> **Work required**: Please tally the lines of the listing that hold the string "longleftrightarrow", and reply with that total only.

> **Provided data**:

(* For all $m,k\in\mathbb Z$, $$[\overline{\mathfrak g}'_{(m)},\overline{\mathfrak g}'_{(k)}]\subseteq\overline{\mathfrak g}'_{(m+k)} .$$ Moreover, let $X,Y\in\mathfrak g$, $k,m\in\mathbb Z$, $s,p\in\{1,\dots,N\}$, and for $Z\in\mathfrak g$, $j\in\mathbb Z$, $t\in\{1,\dots,N\}$ let $Z_{j,t}$ denote any element of $\overline{\mathfrak g}$ with $Z_{j,t}(z_q)=\delta^t_qZz_q^j+O(z_q^{j+1})$ for all $q=1,\dots,N$. Then $$[X_{k,s},Y_{m,p}]-\delta_s^p\,[X,Y]_{k+m,s}\in\overline{\mathfrak g}'_{(k+m+1)} .$$
   Context: Let $\Sigma$ be a compact Riemann surface of genus $g$ and $A\subset\Sigma$ a finite set split into two disjoint non-empty subsets $I=\{P_1,\dots,P_N\}$ and $O=\{Q_1,\dots,Q_M\}$. Let $\mathfrak g$ be one of the complex matrix Lie algebras $\mathfrak{gl}(n)$, $\mathfrak{sl}(n)$, $\mathfrak{so}(n)$, or $\mathfrak{sp}(2n)=\{X: X^t\sigma+\sigma X=0\}$ for a fixed non-degenerate skew-symmetric matrix $\sigma$. Tyurin data: an integer $K\ge 0$, distinct points $\gamma_1,\dots,\gamma_K\in\Sigma\setminus A$ (the set $W$) and vectors $\alpha_s\in\mathbb C^n$ ($\mathbb C^{2n}$ for $\mathfrak{sp}$), with $\alpha_s^t\alpha_s=0$ in the $\mathfrak{so}$ case. Fix local coordinates $w_s$ centred at $\gamma_s$ and $z_p$ centred at $P_p$. The Lax operator algebra $\overline{\mathfrak g}$ is the set of meromorphic maps $L:\Sigma\to\mathfrak g$, holomorphic on $\Sigma\setminus(A\cup W)$, such that for each $s$: ($\mathfrak{gl}$) $L=L_{s,-1}w_s^{-1}+\sum_{k\ge0}L_{s,k}w_s^k$ near $\gamma_s$ with $\beta_s\in\mathbb C^n,\kappa_s\in\mathbb C$ such that $L_{s,-1}=\alpha_s\beta_s^t$, $\beta_s^t\alpha_s=0$, $L_{s,0}\alpha_s=\kappa_s\alpha_s$; ($\mathfrak{sl}$) the same with all $L_{s,k}$ traceless; ($\mathfrak{so}$) the same expansion with all $L_{s,k}$ skew-symmetric, $L_{s,-1}=\alpha_s\beta_s^t-\beta_s\alpha_s^t$, $\beta_s^t\alpha_s=0$, $L_{s,0}\alpha_s=\kappa_s\alpha_s$; ($\mathfrak{sp}$) $L=L_{s,-2}w_s^{-2}+L_{s,-1}w_s^{-1}+\sum_{k\ge0}L_{s,k}w_s^k$ with $\beta_s,\nu_s,\kappa_s$ such that $L_{s,-2}=\nu_s\alpha_s\alpha_s^t\sigma$, $L_{s,-1}=(\alpha_s\beta_s^t+\beta_s\alpha_s^t)\sigma$, $\beta_s^t\sigma\alpha_s=0$, $L_{s,0}\alpha_s=\kappa_s\alpha_s$, $\alpha_s^t\sigma L_{s,1}\alpha_s=0$. It is a Lie algebra under the pointwise commutator. For a matrix-valued meromorphic $L$ and a point $P$, $\mathrm{ord}_P(L)$ is the minimum of the orders at $P$ of the entries of $L$. Set $\overline{\mathfrak g}'_{(m)}:=\{L\in\overline{\mathfrak g}:\ \mathrm{ord}_{P_s}(L)\ge m \text{ for all } s=1,\dots,N\}$. *)

theory Defs
  imports "HOL-Complex_Analysis.Complex_Analysis"
begin

definition is_chart :: "'s::topological_space set \<Rightarrow> ('s \<Rightarrow> complex) \<Rightarrow> bool" where
  "is_chart U \<phi> \<longleftrightarrow> open U \<and> open (\<phi> ` U) \<and> (\<exists>\<psi>. homeomorphism U (\<phi> ` U) \<phi> \<psi>)"

definition charts_compatible :: "'s::topological_space set \<Rightarrow> ('s \<Rightarrow> complex) \<Rightarrow>
    's set \<Rightarrow> ('s \<Rightarrow> complex) \<Rightarrow> bool" where
  "charts_compatible U \<phi> V \<psi> \<longleftrightarrow>
     (\<psi> \<circ> inv_into U \<phi>) holomorphic_on (\<phi> ` (U \<inter> V)) \<and>
     (\<phi> \<circ> inv_into V \<psi>) holomorphic_on (\<psi> ` (U \<inter> V))"

definition compact_riemann_surface :: "('s::t2_space set \<times> ('s \<Rightarrow> complex)) set \<Rightarrow> bool" where
  "compact_riemann_surface atlas \<longleftrightarrow>
     compact (UNIV :: 's set) \<and> connected (UNIV :: 's set) \<and>
     (\<forall>(U, \<phi>)\<in>atlas. is_chart U \<phi>) \<and>
     (\<Union>(fst ` atlas) = UNIV) \<and>
     (\<forall>(U, \<phi>)\<in>atlas. \<forall>(V, \<psi>)\<in>atlas. charts_compatible U \<phi> V \<psi>)"

definition compatible_chart :: "('s::topological_space set \<times> ('s \<Rightarrow> complex)) set \<Rightarrow>
    's set \<Rightarrow> ('s \<Rightarrow> complex) \<Rightarrow> bool" where
  "compatible_chart atlas U \<phi> \<longleftrightarrow> is_chart U \<phi> \<and>
     (\<forall>(V, \<psi>)\<in>atlas. charts_compatible U \<phi> V \<psi>)"

definition local_coordinate_at :: "('s::topological_space set \<times> ('s \<Rightarrow> complex)) set \<Rightarrow>
    's \<Rightarrow> 's set \<times> ('s \<Rightarrow> complex) \<Rightarrow> bool" where
  "local_coordinate_at atlas P c \<longleftrightarrow>
     compatible_chart atlas (fst c) (snd c) \<and> P \<in> fst c \<and> snd c P = 0"

type_synonym 'n mat = "complex^'n^'n"

definition cmat :: "complex \<Rightarrow> 'n::finite mat \<Rightarrow> 'n mat" where
  "cmat c M = (\<chi> i j. c * M $ i $ j)"

definition outer :: "complex^'n \<Rightarrow> complex^'n \<Rightarrow> 'n::finite mat" where
  "outer a b = (\<chi> i j. a $ i * b $ j)"

definition bil :: "complex^'n::finite \<Rightarrow> complex^'n \<Rightarrow> complex" where
  "bil a b = (\<Sum>i\<in>UNIV. a $ i * b $ i)"

definition comm :: "'n::finite mat \<Rightarrow> 'n mat \<Rightarrow> 'n mat" where
  "comm X Y = X ** Y - Y ** X"

text \<open>This includes the case of entries vanishing identically (order +infinity).\<close>

definition ord0_ge :: "(complex \<Rightarrow> 'n::finite mat) \<Rightarrow> int \<Rightarrow> bool" where
  "ord0_ge F m \<longleftrightarrow> (\<forall>i j. \<exists>h. h analytic_on {0} \<and>
       (\<forall>\<^sub>F \<zeta> in at 0. F \<zeta> $ i $ j = \<zeta> powi m * h \<zeta>))"

definition in_coord :: "'s set \<times> ('s \<Rightarrow> complex) \<Rightarrow> ('s \<Rightarrow> 'b) \<Rightarrow> complex \<Rightarrow> 'b" where
  "in_coord c L = (\<lambda>\<zeta>. L (inv_into (fst c) (snd c) \<zeta>))"

definition ord_ge :: "'s set \<times> ('s \<Rightarrow> complex) \<Rightarrow> ('s \<Rightarrow> 'n::finite mat) \<Rightarrow> int \<Rightarrow> bool" where
  "ord_ge c L m \<longleftrightarrow> ord0_ge (in_coord c L) m"

definition holomorphic_at :: "('s::topological_space set \<times> ('s \<Rightarrow> complex)) set \<Rightarrow>
    ('s \<Rightarrow> 'n::finite mat) \<Rightarrow> 's \<Rightarrow> bool" where
  "holomorphic_at atlas L p \<longleftrightarrow> (\<exists>(U, \<phi>)\<in>atlas. p \<in> U \<and>
     (\<forall>i j. (\<lambda>\<zeta>. L (inv_into U \<phi> \<zeta>) $ i $ j) analytic_on {\<phi> p}))"

definition meromorphic_at :: "('s::topological_space set \<times> ('s \<Rightarrow> complex)) set \<Rightarrow>
    ('s \<Rightarrow> 'n::finite mat) \<Rightarrow> 's \<Rightarrow> bool" where
  "meromorphic_at atlas L p \<longleftrightarrow> (\<exists>(U, \<phi>)\<in>atlas. p \<in> U \<and>
     (\<forall>i j. (\<lambda>\<zeta>. L (inv_into U \<phi> \<zeta>) $ i $ j) meromorphic_on {\<phi> p}))"

datatype lie_kind = GL | SL | SO | SP

definition in_lie :: "lie_kind \<Rightarrow> 'n::finite mat \<Rightarrow> 'n mat \<Rightarrow> bool" where
  "in_lie kd \<sigma> X \<longleftrightarrow> (case kd of
      GL \<Rightarrow> True
    | SL \<Rightarrow> trace X = 0
    | SO \<Rightarrow> transpose X = - X
    | SP \<Rightarrow> transpose X ** \<sigma> + \<sigma> ** X = 0)"

text \<open>The expansion is written as
  L = L_{-2} w^-2 + L_{-1} w^-1 + L_0 + L_1 w + O(w^2) (sp) resp.
  L = L_{-1} w^-1 + L_0 + O(w) (other cases).\<close>

definition tyurin_cond :: "lie_kind \<Rightarrow> 'n::finite mat \<Rightarrow> 's set \<times> ('s \<Rightarrow> complex) \<Rightarrow>
    complex^'n \<Rightarrow> ('s \<Rightarrow> 'n mat) \<Rightarrow> bool" where
  "tyurin_cond kd \<sigma> c \<alpha> L \<longleftrightarrow> (let F = in_coord c L in
     (case kd of
       SP \<Rightarrow> (\<exists>\<beta> \<nu> \<kappa> L0 L1.
               bil \<beta> (\<sigma> *v \<alpha>) = 0 \<and> L0 *v \<alpha> = \<kappa> *s \<alpha> \<and> bil \<alpha> (\<sigma> *v (L1 *v \<alpha>)) = 0 \<and>
               ord0_ge (\<lambda>\<zeta>. F \<zeta> - cmat (inverse (\<zeta>^2)) (cmat \<nu> (outer \<alpha> \<alpha> ** \<sigma>))
                            - cmat (inverse \<zeta>) ((outer \<alpha> \<beta> + outer \<beta> \<alpha>) ** \<sigma>)
                            - L0 - cmat \<zeta> L1) 2)
     | SO \<Rightarrow> (\<exists>\<beta> \<kappa> L0. bil \<beta> \<alpha> = 0 \<and> L0 *v \<alpha> = \<kappa> *s \<alpha> \<and>
               ord0_ge (\<lambda>\<zeta>. F \<zeta> - cmat (inverse \<zeta>) (outer \<alpha> \<beta> - outer \<beta> \<alpha>) - L0) 1)
     | _ \<Rightarrow> (\<exists>\<beta> \<kappa> L0. bil \<beta> \<alpha> = 0 \<and> L0 *v \<alpha> = \<kappa> *s \<alpha> \<and>
               ord0_ge (\<lambda>\<zeta>. F \<zeta> - cmat (inverse \<zeta>) (outer \<alpha> \<beta>) - L0) 1)))"

text \<open>The Lax operator algebra: g-valued meromorphic maps, holomorphic off A \<union> W,
  satisfying the Tyurin conditions at gamma_1..gamma_K (values at the poles are irrelevant).\<close>

definition lax_algebra :: "('s::topological_space set \<times> ('s \<Rightarrow> complex)) set \<Rightarrow> lie_kind \<Rightarrow>
    'n::finite mat \<Rightarrow> 's set \<Rightarrow> nat \<Rightarrow> (nat \<Rightarrow> 's) \<Rightarrow> (nat \<Rightarrow> complex^'n) \<Rightarrow>
    (nat \<Rightarrow> 's set \<times> ('s \<Rightarrow> complex)) \<Rightarrow> ('s \<Rightarrow> 'n mat) set" where
  "lax_algebra atlas kd \<sigma> A K \<gamma> \<alpha> wc = {L.
     (\<forall>x. x \<notin> A \<union> \<gamma> ` {1..K} \<longrightarrow> in_lie kd \<sigma> (L x) \<and> holomorphic_at atlas L x) \<and>
     (\<forall>x\<in>A \<union> \<gamma> ` {1..K}. meromorphic_at atlas L x) \<and>
     (\<forall>s\<in>{1..K}. tyurin_cond kd \<sigma> (wc s) (\<alpha> s) L)}"

definition lax_filt :: "('s::topological_space set \<times> ('s \<Rightarrow> complex)) set \<Rightarrow> lie_kind \<Rightarrow>
    'n::finite mat \<Rightarrow> 's set \<Rightarrow> nat \<Rightarrow> (nat \<Rightarrow> 's) \<Rightarrow> (nat \<Rightarrow> complex^'n) \<Rightarrow>
    (nat \<Rightarrow> 's set \<times> ('s \<Rightarrow> complex)) \<Rightarrow> nat \<Rightarrow> (nat \<Rightarrow> 's set \<times> ('s \<Rightarrow> complex)) \<Rightarrow>
    int \<Rightarrow> ('s \<Rightarrow> 'n mat) set" where
  "lax_filt atlas kd \<sigma> A K \<gamma> \<alpha> wc N zc m =
     {L \<in> lax_algebra atlas kd \<sigma> A K \<gamma> \<alpha> wc. \<forall>s\<in>{1..N}. ord_ge (zc s) L m}"

definition is_Z :: "('s::topological_space set \<times> ('s \<Rightarrow> complex)) set \<Rightarrow> lie_kind \<Rightarrow>
    'n::finite mat \<Rightarrow> 's set \<Rightarrow> nat \<Rightarrow> (nat \<Rightarrow> 's) \<Rightarrow> (nat \<Rightarrow> complex^'n) \<Rightarrow>
    (nat \<Rightarrow> 's set \<times> ('s \<Rightarrow> complex)) \<Rightarrow> nat \<Rightarrow> (nat \<Rightarrow> 's set \<times> ('s \<Rightarrow> complex)) \<Rightarrow>
    'n mat \<Rightarrow> int \<Rightarrow> nat \<Rightarrow> ('s \<Rightarrow> 'n mat) \<Rightarrow> bool" where
  "is_Z atlas kd \<sigma> A K \<gamma> \<alpha> wc N zc Z j t Zf \<longleftrightarrow>
     Zf \<in> lax_algebra atlas kd \<sigma> A K \<gamma> \<alpha> wc \<and>
     (\<forall>q\<in>{1..N}. ord_ge (zc q)
        (\<lambda>x. Zf x - (if q = t then cmat (snd (zc q) x powi j) Z else 0)) (j + 1))"

end

theory Submission
  imports Defs
begin

text \<open>Orders at a point are additive under matrix products, so the commutator of elements of
  order at least \<open>m\<close> and \<open>k\<close> has order at least \<open>m + k\<close>, and comparing leading terms gives
  the second statement. The substance is that the Lax operator algebra is closed under
  commutators: at a Tyurin point one multiplies the Laurent expansions of the two factors, and
  the constraints on their leading coefficients (\<open>\<beta>\<^sup>t\<alpha> = 0\<close>, \<open>L\<^sub>0\<alpha> = \<kappa>\<alpha>\<close>,
  \<open>\<alpha>\<^sup>t\<sigma>L\<^sub>1\<alpha> = 0\<close>, and the Lie algebra conditions, which every coefficient inherits) force
  the corresponding coefficients of the commutator into the same shape.\<close>

section \<open>Matrix algebra\<close>

lemma cmat_zero_left [simp]: "cmat 0 A = 0"
  by (simp add: cmat_def vec_eq_iff)
lemma cmat_one [simp]: "cmat 1 A = A"
  by (simp add: cmat_def vec_eq_iff)
lemma cmat_zero_right [simp]: "cmat c 0 = 0"
  by (simp add: cmat_def vec_eq_iff)
lemma cmat_entry [simp]: "cmat c M $ i $ j = c * M $ i $ j"
  by (simp add: cmat_def)
lemma cmat_cmat [simp]: "cmat c (cmat d A) = cmat (c * d) A"
  by (simp add: cmat_def vec_eq_iff)
lemma cmat_mult_left [simp]: "cmat c A ** B = cmat c (A ** B)"
  by (simp add: cmat_def vec_eq_iff matrix_matrix_mult_def sum_distrib_left algebra_simps)
lemma cmat_mult_right [simp]: "A ** cmat c B = cmat c (A ** B)"
  by (simp add: cmat_def vec_eq_iff matrix_matrix_mult_def sum_distrib_left algebra_simps)
lemma cmat_add_left: "cmat (c + d) A = cmat c A + cmat d A"
  by (simp add: cmat_def vec_eq_iff algebra_simps)
lemma cmat_diff_left: "cmat (c - d) A = cmat c A - cmat d A"
  by (simp add: cmat_def vec_eq_iff algebra_simps)
lemma cmat_uminus_left: "cmat (- c) A = - cmat c A"
  by (simp add: cmat_def vec_eq_iff)
lemma cmat_add: "cmat c (A + B) = cmat c A + cmat c B"
  by (simp add: cmat_def vec_eq_iff algebra_simps)
lemma cmat_diff: "cmat c (A - B) = cmat c A - cmat c B"
  by (simp add: cmat_def vec_eq_iff algebra_simps)
lemma cmat_uminus: "cmat c (- A) = - cmat c A"
  by (simp add: cmat_def vec_eq_iff)
lemma cmat_two: "cmat 2 A = A + A"
  by (simp add: cmat_def vec_eq_iff ring_distribs(2)[symmetric])
lemma cmat_sum: "cmat c (sum f S) = (\<Sum>x\<in>S. cmat c (f x))"
  by (induction S rule: infinite_finite_induct) (auto simp: cmat_add)
lemma cmat_matrix_vector_mult: "cmat c M *v v = c *s (M *v v)"
  by (simp add: cmat_def vec_eq_iff matrix_vector_mult_def sum_distrib_left algebra_simps)
lemma transpose_cmat: "transpose (cmat c M) = cmat c (transpose M)"
  by (simp add: cmat_def vec_eq_iff transpose_def)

> **Solution to the exercise**: 12